As August bank holiday draws near, there is a still a question of how much employers know about employment law in relation to bank holidays. From pay rates to part-time staff and more—the most important thing is the staff contracts of employment to avoid confusion.

Peninsula HR director Alan Price has some advice for employers:

Bank holidays differ depending on location

Each country across the UK has different bank holidays:

  • England and Wales have eight bank holidays
  • Scotland has nine, with three extra dates minus Easter Monday and the late August bank holiday
  • Northern Ireland has ten with two additional days for St Patrick’s Day and Orangemen’s Day

A contract of employment containing a list of bank holiday dates may need to be amended depending on where work is carried out.
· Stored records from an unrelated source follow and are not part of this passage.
lemma sparse_sums_approx:
  assumes norm_le: "\<And>I i. finite I \<Longrightarrow> i \<in> I \<Longrightarrow> norm (\<psi> I i) \<le> 1"
    and near: "\<And>x. x \<in> D \<Longrightarrow> \<exists>y\<in>D'. \<bar>x - y\<bar> \<le> \<delta>"
    and "\<delta> \<ge> 0" "a \<in> sparse_sums \<psi> N M D"
  shows "\<exists>b\<in>sparse_sums \<psi> N M D'. dist a b \<le> real M * \<delta>"
proof -
  obtain I d where a: "a = (\<Sum>i\<in>I. d i *\<^sub>R \<psi> I i)"
    and I: "I \<subseteq> {1..N}" "card I \<le> M" and d: "\<forall>i\<in>I. d i \<in> D"
    using \<open>a \<in> sparse_sums \<psi> N M D\<close> unfolding sparse_sums_def by blast
  have "finite I" using I(1) by (rule finite_subset) simp
  have "\<forall>i\<in>I. \<exists>y. y \<in> D' \<and> \<bar>d i - y\<bar> \<le> \<delta>"
    using near d by blast
  then have "\<exists>e. \<forall>i\<in>I. e i \<in> D' \<and> \<bar>d i - e i\<bar> \<le> \<delta>"
    by (rule bchoice)
  then obtain e where e: "\<forall>i\<in>I. e i \<in> D' \<and> \<bar>d i - e i\<bar> \<le> \<delta>"
    by blast
  define b where "b = (\<Sum>i\<in>I. e i *\<^sub>R \<psi> I i)"
  have "b \<in> sparse_sums \<psi> N M D'"
    unfolding sparse_sums_def b_def using I e by blast
  moreover have "dist a b \<le> real M * \<delta>"
  proof -
    have "dist a b = norm (\<Sum>i\<in>I. (d i - e i) *\<^sub>R \<psi> I i)"
      by (simp add: dist_norm a b_def sum_subtractf scaleR_diff_left)
    also have "\<dots> \<le> (\<Sum>i\<in>I. \<bar>d i - e i\<bar> * norm (\<psi> I i))"
      by (rule order_trans[OF norm_sum]) simp
    also have "\<dots> \<le> (\<Sum>i\<in>I. \<delta> * 1)"
      using e norm_le[OF \<open>finite I\<close>] by (intro sum_mono mult_mono) auto
    also have "\<dots> \<le> real M * \<delta>"
      using I(2) \<open>\<delta> \<ge> 0\<close> by (simp add: mult_right_mono)
    finally show ?thesis .
  qed
  ultimately show ?thesis by blast
qed

lemma sparse_sums_grid_covering:
  fixes \<psi> :: "nat set \<Rightarrow> nat \<Rightarrow> 'a::real_normed_vector"
  assumes norm_le: "\<And>I i. finite I \<Longrightarrow> i \<in> I \<Longrightarrow> norm (\<psi> I i) \<le> 1"
    and "c > 0" "M \<ge> 1" "\<gamma> + 1 \<le> real q"
  shows "is_covering (sparse_sums \<psi> N M (grid c (M ^ q))) (sparse_sums \<psi> N M {-c..c})
    (2 * c * real M powr - \<gamma>)"
  unfolding is_covering_def
proof (intro conjI ballI)
  show "finite (sparse_sums \<psi> N M (grid c (M ^ q)))"
    by (rule finite_sparse_sums[OF finite_grid])
  show "sparse_sums \<psi> N M (grid c (M ^ q)) \<subseteq> sparse_sums \<psi> N M {-c..c}"
    using \<open>c > 0\<close> by (intro sparse_sums_mono grid_subset) simp
  fix a assume a: "a \<in> sparse_sums \<psi> N M {-c..c}"
  have "1 \<le> M ^ q" "0 \<le> 2 * c / real (M ^ q)"
    using \<open>M \<ge> 1\<close> \<open>c > 0\<close> by simp_all
  then obtain b where b: "b \<in> sparse_sums \<psi> N M (grid c (M ^ q))"
    and dist: "dist a b \<le> real M * (2 * c / real (M ^ q))"
    using sparse_sums_approx[where D = "{-c..c}", OF norm_le grid_dense[OF \<open>c > 0\<close>] _ a] by blast
  note dist
  also have "\<dots> = 2 * c * real M powr (1 - real q)"
    using \<open>M \<ge> 1\<close> by (simp add: powr_diff powr_realpow)
  also have "\<dots> \<le> 2 * c * real M powr (- \<gamma>)"
    using \<open>M \<ge> 1\<close> \<open>c > 0\<close> \<open>\<gamma> + 1 \<le> real q\<close> by (intro mult_left_mono powr_mono) auto
  finally show "\<exists>b\<in>sparse_sums \<psi> N M (grid c (M ^ q)). dist a b \<le> 2 * c * real M powr - \<gamma>"
    using b by blast
qed

lemma card_sparse_sums_grid_le:
  assumes "M \<ge> 1" "K > 0" "real N \<le> K * real M ^ k"
  shows "real (card (sparse_sums \<psi> N M (grid c (M ^ q))))
    \<le> ((K + 2) * real M ^ (k + q + 1)) ^ (3 * M)"
proof -
  define P where "P = real M ^ (k + q + 1)"
  define X where "X = (K + 2) * P"
  have pow_le: "real M ^ j \<le> P" if "j \<le> k + q + 1" for j
    unfolding P_def using assms(1) that by (intro power_increasing) auto
  from pow_le[of 1] pow_le[of k] pow_le[of q]
  have "real M \<le> P" "real M ^ k \<le> P" "real M ^ q \<le> P"
    by simp_all
  moreover have "1 \<le> real M" "1 \<le> real M ^ k" "1 \<le> real M ^ q"
    using assms(1) by simp_all
  moreover have "K * real M ^ k \<le> K * P" "0 \<le> K * P"
    using \<open>real M ^ k \<le> P\<close> \<open>1 \<le> real M ^ k\<close> assms(2) by simp_all
  ultimately have "1 \<le> X" and M_le: "real (M + 1) \<le> X" and N_le: "real (N + 1) \<le> X"
    and grid_le: "real (M ^ q + 1) \<le> X"
    using assms(3) unfolding X_def by (simp_all add: algebra_simps)
  have "card (sparse_sums \<psi> N M (grid c (M ^ q))) \<le> (M + 1) * (N + 1) ^ M * card (grid c (M ^ q)) ^ M"
    by (rule card_sparse_sums_le[OF finite_grid grid_nonempty])
  also have "\<dots> \<le> (M + 1) * (N + 1) ^ M * (M ^ q + 1) ^ M"
    by (intro mult_left_mono power_mono card_grid_le) simp_all
  finally have "real (card (sparse_sums \<psi> N M (grid c (M ^ q))))
      \<le> real (M + 1) * real (N + 1) ^ M * real (M ^ q + 1) ^ M"
    by (metis of_nat_le_iff of_nat_mult of_nat_power)
  also have "\<dots> \<le> X * X ^ M * X ^ M"
    using M_le N_le grid_le by (intro mult_mono power_mono) auto
  also have "\<dots> = X ^ (2 * M + 1)"
    by (simp add: power_add mult_2)
  also have "\<dots> \<le> X ^ (3 * M)"
    using \<open>1 \<le> X\<close> assms(1) by (intro power_increasing) auto
  finally show ?thesis
    unfolding X_def P_def .
qed

lemma is_orthonormalizationD:
  assumes "is_orthonormalization \<phi> \<psi>" "finite I"
  shows "\<And>i j. i \<in> I \<Longrightarrow> j \<in> I \<Longrightarrow> i \<noteq> j \<Longrightarrow> \<psi> I i \<bullet> \<psi> I j = 0"
    and "\<And>i. i \<in> I \<Longrightarrow> norm (\<psi> I i) = 0 \<or> norm (\<psi> I i) = 1"
    and "span (\<psi> I ` I) = span (\<phi> ` I)"
  using assms unfolding is_orthonormalization_def by blast+

lemma is_orthonormalization_norm_le_1:
  assumes "is_orthonormalization \<phi> \<psi>" "finite I" "i \<in> I"
  shows "norm (\<psi> I i) \<le> 1"
  using is_orthonormalizationD(2)[OF assms] by auto

lemma zero_in_Sigma_pi: "0 \<in> Sigma_pi \<phi> \<pi> M"
  unfolding Sigma_pi_def by force

lemma Sigma_tilde_subset_Sigma_pi:
  assumes "is_orthonormalization \<phi> \<psi>"
  shows "Sigma_tilde \<psi> \<pi> c M \<subseteq> Sigma_pi \<phi> \<pi> M"
proof
  fix x assume "x \<in> Sigma_tilde \<psi> \<pi> c M"
  then obtain I d where x: "x = (\<Sum>i\<in>I. d i *\<^sub>R \<psi> I i)" and I: "I \<subseteq> {1..\<pi> M}" "card I \<le> M"
    unfolding Sigma_tilde_def by blast
  have "finite I" using I(1) by (rule finite_subset) simp
  have "x \<in> span (\<psi> I ` I)"
    unfolding x by (intro span_sum span_scale span_base) auto
  also have "\<dots> = span (\<phi> ` I)"
    using assms \<open>finite I\<close> by (rule is_orthonormalizationD(3))
  finally obtain a where "x = (\<Sum>i\<in>I. a i *\<^sub>R \<phi> i)"
    using span_image_eq_range_sum[OF \<open>finite I\<close>] by blast
  with I show "x \<in> Sigma_pi \<phi> \<pi> M"
    unfolding Sigma_pi_def by blast
qed

lemma Sigma_tilde_closer_than_Sigma_pi:
  fixes \<phi> :: "nat \<Rightarrow> 'a::real_inner"
  assumes orth: "is_orthonormalization \<phi> \<psi>" and "norm f \<le> R" and "g \<in> Sigma_pi \<phi> \<pi> M"
  obtains p where "p \<in> Sigma_tilde \<psi> \<pi> R M" "dist f p \<le> dist f g"
proof -
  obtain I a where g: "g = (\<Sum>i\<in>I. a i *\<^sub>R \<phi> i)" and I: "I \<subseteq> {1..\<pi> M}" "card I \<le> M"
    using \<open>g \<in> Sigma_pi \<phi> \<pi> M\<close> unfolding Sigma_pi_def by blast
  have "finite I"
    using I(1) by (rule finite_subset) simp
  note orthI = is_orthonormalizationD[OF orth \<open>finite I\<close>]
  define p where "p = (\<Sum>i\<in>I. (f \<bullet> \<psi> I i) *\<^sub>R \<psi> I i)"
  have "\<bar>f \<bullet> \<psi> I i\<bar> \<le> R" if "i \<in> I" for i
  proof -
    have "\<bar>f \<bullet> \<psi> I i\<bar> \<le> norm f * norm (\<psi> I i)"
      by (rule Cauchy_Schwarz_ineq2)
    also have "\<dots> \<le> R * 1"
      using \<open>norm f \<le> R\<close> order_trans[OF norm_ge_zero \<open>norm f \<le> R\<close>]
        is_orthonormalization_norm_le_1[OF orth \<open>finite I\<close> that]
      by (intro mult_mono) auto
    finally show ?thesis by simp
  qed
  with I have p_mem: "p \<in> Sigma_tilde \<psi> \<pi> R M"
    unfolding Sigma_tilde_def p_def by force
  have "g \<in> span (\<psi> I ` I)"
    unfolding orthI(3) g by (intro span_sum span_scale span_base) auto
  with \<open>finite I\<close> orthI(1,2) have "dist f p \<le> dist f g"
    unfolding p_def by (rule dist_orthonormal_projection_le)
  with p_mem show ?thesis
    by (rule that)
qed

lemma infdist_Sigma_tilde_eq_Sigma_pi:
  fixes \<phi> :: "nat \<Rightarrow> 'a::real_inner"
  assumes orth: "is_orthonormalization \<phi> \<psi>" and "norm f \<le> R"
  shows "infdist f (Sigma_tilde \<psi> \<pi> R M) = infdist f (Sigma_pi \<phi> \<pi> M)"
proof (rule antisym)
  have "infdist f (Sigma_tilde \<psi> \<pi> R M) \<le> dist f g" if g: "g \<in> Sigma_pi \<phi> \<pi> M" for g
  proof -
    obtain p where p: "p \<in> Sigma_tilde \<psi> \<pi> R M" and "dist f p \<le> dist f g"
      using Sigma_tilde_closer_than_Sigma_pi[OF orth \<open>norm f \<le> R\<close> g] .
    from p have "infdist f (Sigma_tilde \<psi> \<pi> R M) \<le> dist f p"
      by (rule infdist_le)
    also note \<open>dist f p \<le> dist f g\<close>
    finally show ?thesis .
  qed
  then show "infdist f (Sigma_tilde \<psi> \<pi> R M) \<le> infdist f (Sigma_pi \<phi> \<pi> M)"
    unfolding infdist_def[of f "Sigma_pi \<phi> \<pi> M"] using zero_in_Sigma_pi[of \<phi> \<pi> M]
    by (auto intro: cINF_greatest)
  show "infdist f (Sigma_pi \<phi> \<pi> M) \<le> infdist f (Sigma_tilde \<psi> \<pi> R M)"
    using Sigma_tilde_subset_Sigma_pi[OF orth] zero_in_Sigma_tilde
    by (intro infdist_mono) blast+
qed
There is no legal right to time off work during bank holidays

The law does not give employees a legal right to time off work for bank holidays, instead, this depends on the contract of employment. Employers can decide whether to give time off or not depending on their business needs. If the worker is not given time off for bank holidays they still need to receive 5.6 working weeks of annual leave as a minimum.

The wording of time off matters

Where employers give employees a contractual right to receive time off work for bank holidays, the wording in the contract is important.

A contract stating the employee has 28 days plus bank holidays means they receive 28 days holiday with the bank holidays on top.

A clause stating the employee has 28 days inclusive of bank holidays generally means the employee gets 20 days holiday and 8 days holiday to take for bank holidays, in England and Wales.

Employers also need to be aware that the timing of their holiday leave year could result in the employee receiving more time off in one year than the other. This is prevalent when the holiday year runs April – March, and Easter falls earlier than usual as this could result in the employee receiving more bank holidays one year than the next. It is important that the employee is still receiving their minimum holiday entitlement in the year with fewer bank holidays.

Should employees receive extra pay?

As with annual leave, there is no legal right to receive additional pay for working on bank holidays. Some employees may feel that they are entitled to this but any right to receive extra day depends on their contract of employment. Some employers decide to offer double pay or time-and-a-half as an incentive to encourage workers to work bank holidays and a failure to do this, where specified in their contract, will constitute a breach of contract. 

Part time working implications

Part time workers have the right to not be treated less favourably than a comparable full-time worker. Giving full-time employees time off for bank holidays and not part time workers will be less favourable treatment but some employers think this is correct, especially where part time workers would not normally work bank holidays. Instead, the safe approach is to give part time workers a pro-rata allowance of bank holidays, regardless of whether they normally work these days, as this allows them the same treatment with regards to annual leave entitlement. 

Be wary of religious discrimination

A policy requiring all staff to work bank holidays and refusing any time off could lead to claims of indirect discrimination where the request is for religious observance of a bank holiday with religious significance, for example, Easter Monday. Employers can justify such a policy if they have a legitimate aim and their means of achieving this are proportionate. Employers should examine each request on its own merits to determine if this can be granted to remove the risk.